In the disbarment proceeding of William Jefferson Clinton, his lawyers have argued that taking away Clinton's law license would be "excessively harsh, impermissibly punitive and unprecedented." More amusingly, they also claim that he engaged in the conduct prompting the disbarment proceeding merely out of "a desire to protect himself and others from embarrassment."

Let's take that last one first -- Clinton was trying to "protect himself (BEGIN OTHERS)and others."

Forget how Clinton treacherously sucked his secretary Betty Currie into the eye of his obstruction hurricane -- to save himself. Forget how he slandered the various Jane Does, including longtime girlfriend Gennifer Flowers, ingenuous Paula Jones and besotted White House volunteer Kathleen Willey -- to save himself. Forget how he used his own daughter as a prop no different from the 5-pound Bible he carries during his Sunday walk-to-church photo ops -- to save himself.

Consider only this: While Clinton's sex toy, one Monica Lewinsky, was lunging toward imprisonment to protect him, he was hard at work smearing her as a sex-crazed stalker. He had suggested as much to Betty Currie, as well as to his hatchet man, Sidney Blumenthal -- causing both of these blindly loyal lieutenants no end of legal trouble themselves.

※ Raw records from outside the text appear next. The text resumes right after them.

(* There exists a recursive subset $\mathcal{A}\subseteq\mathbb{Z}$ which is closed in the profinite topology of $\mathbb{Z}$ and such that the function $n\mapsto\mathcal{A}\bmod n$ (for $n\ge1$) is not recursive.
   Context: $\mathcal{A}\bmod n=\{r\in\{0,\dots,n-1\}:\exists x\in\mathcal{A},\ x\equiv r\bmod n\}$. The profinite topology on $\mathbb{Z}$ has as basis of open sets the arithmetic progressions $m+p\mathbb{Z}$ ($m\in\mathbb{Z}$, $p\ge1$). *)

theory Defs
  imports Main "HOL-Library.Nat_Bijection"
begin

datatype recf = Zero | Succ | Proj nat | Comp recf "recf list" | Prim recf recf | Mu recf

text \<open>Big-step evaluation; arities are implicit (extra arguments are ignored).\<close>
inductive eval :: "recf \<Rightarrow> nat list \<Rightarrow> nat \<Rightarrow> bool" where
  eval_zero: "eval Zero xs 0"
| eval_succ: "eval Succ (x # xs) (Suc x)"
| eval_proj: "i < length xs \<Longrightarrow> eval (Proj i) xs (xs ! i)"
| eval_comp: "list_all2 (\<lambda>g y. eval g xs y) gs ys \<Longrightarrow> eval f ys z \<Longrightarrow> eval (Comp f gs) xs z"
| eval_prim0: "eval f xs y \<Longrightarrow> eval (Prim f g) (0 # xs) y"
| eval_primS: "eval (Prim f g) (n # xs) y \<Longrightarrow> eval g (n # y # xs) z \<Longrightarrow> eval (Prim f g) (Suc n # xs) z"
| eval_mu: "eval f (n # xs) 0 \<Longrightarrow> (\<forall>m<n. \<exists>y. y > 0 \<and> eval f (m # xs) y) \<Longrightarrow> eval (Mu f) xs n"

Sid Vicious was putting the word out to seemingly sympathetic journalists, and some of the more obedient members of the watchdog press already had begun to repeat the slander on the cable TV shows. Eventually, former Blumenthal friends Christopher Hitchens and Carol Blue signed affidavits attesting to Blumenthal's claims that Clinton himself had suggested that Monica was a stalker.

Clinton used Monica like a Kleenex, encouraging her to perform oral sex on him while he chatted with congressmen about Bosnia, not knowing her name after their third sexual encounter, and hinting that he would marry her when he was out of office. In a seamless transition, the moment she became inconvenient, he eagerly set about destroying her. Good thing she kept that dress.

Yet the president has the audacity to describe his Herculean efforts to obstruct justice as an attempt to protect "others." Apart from "Willard," it's hard to figure who those others might be.

Even in a disbarment proceeding premised on the president's prodigious lies, he lies.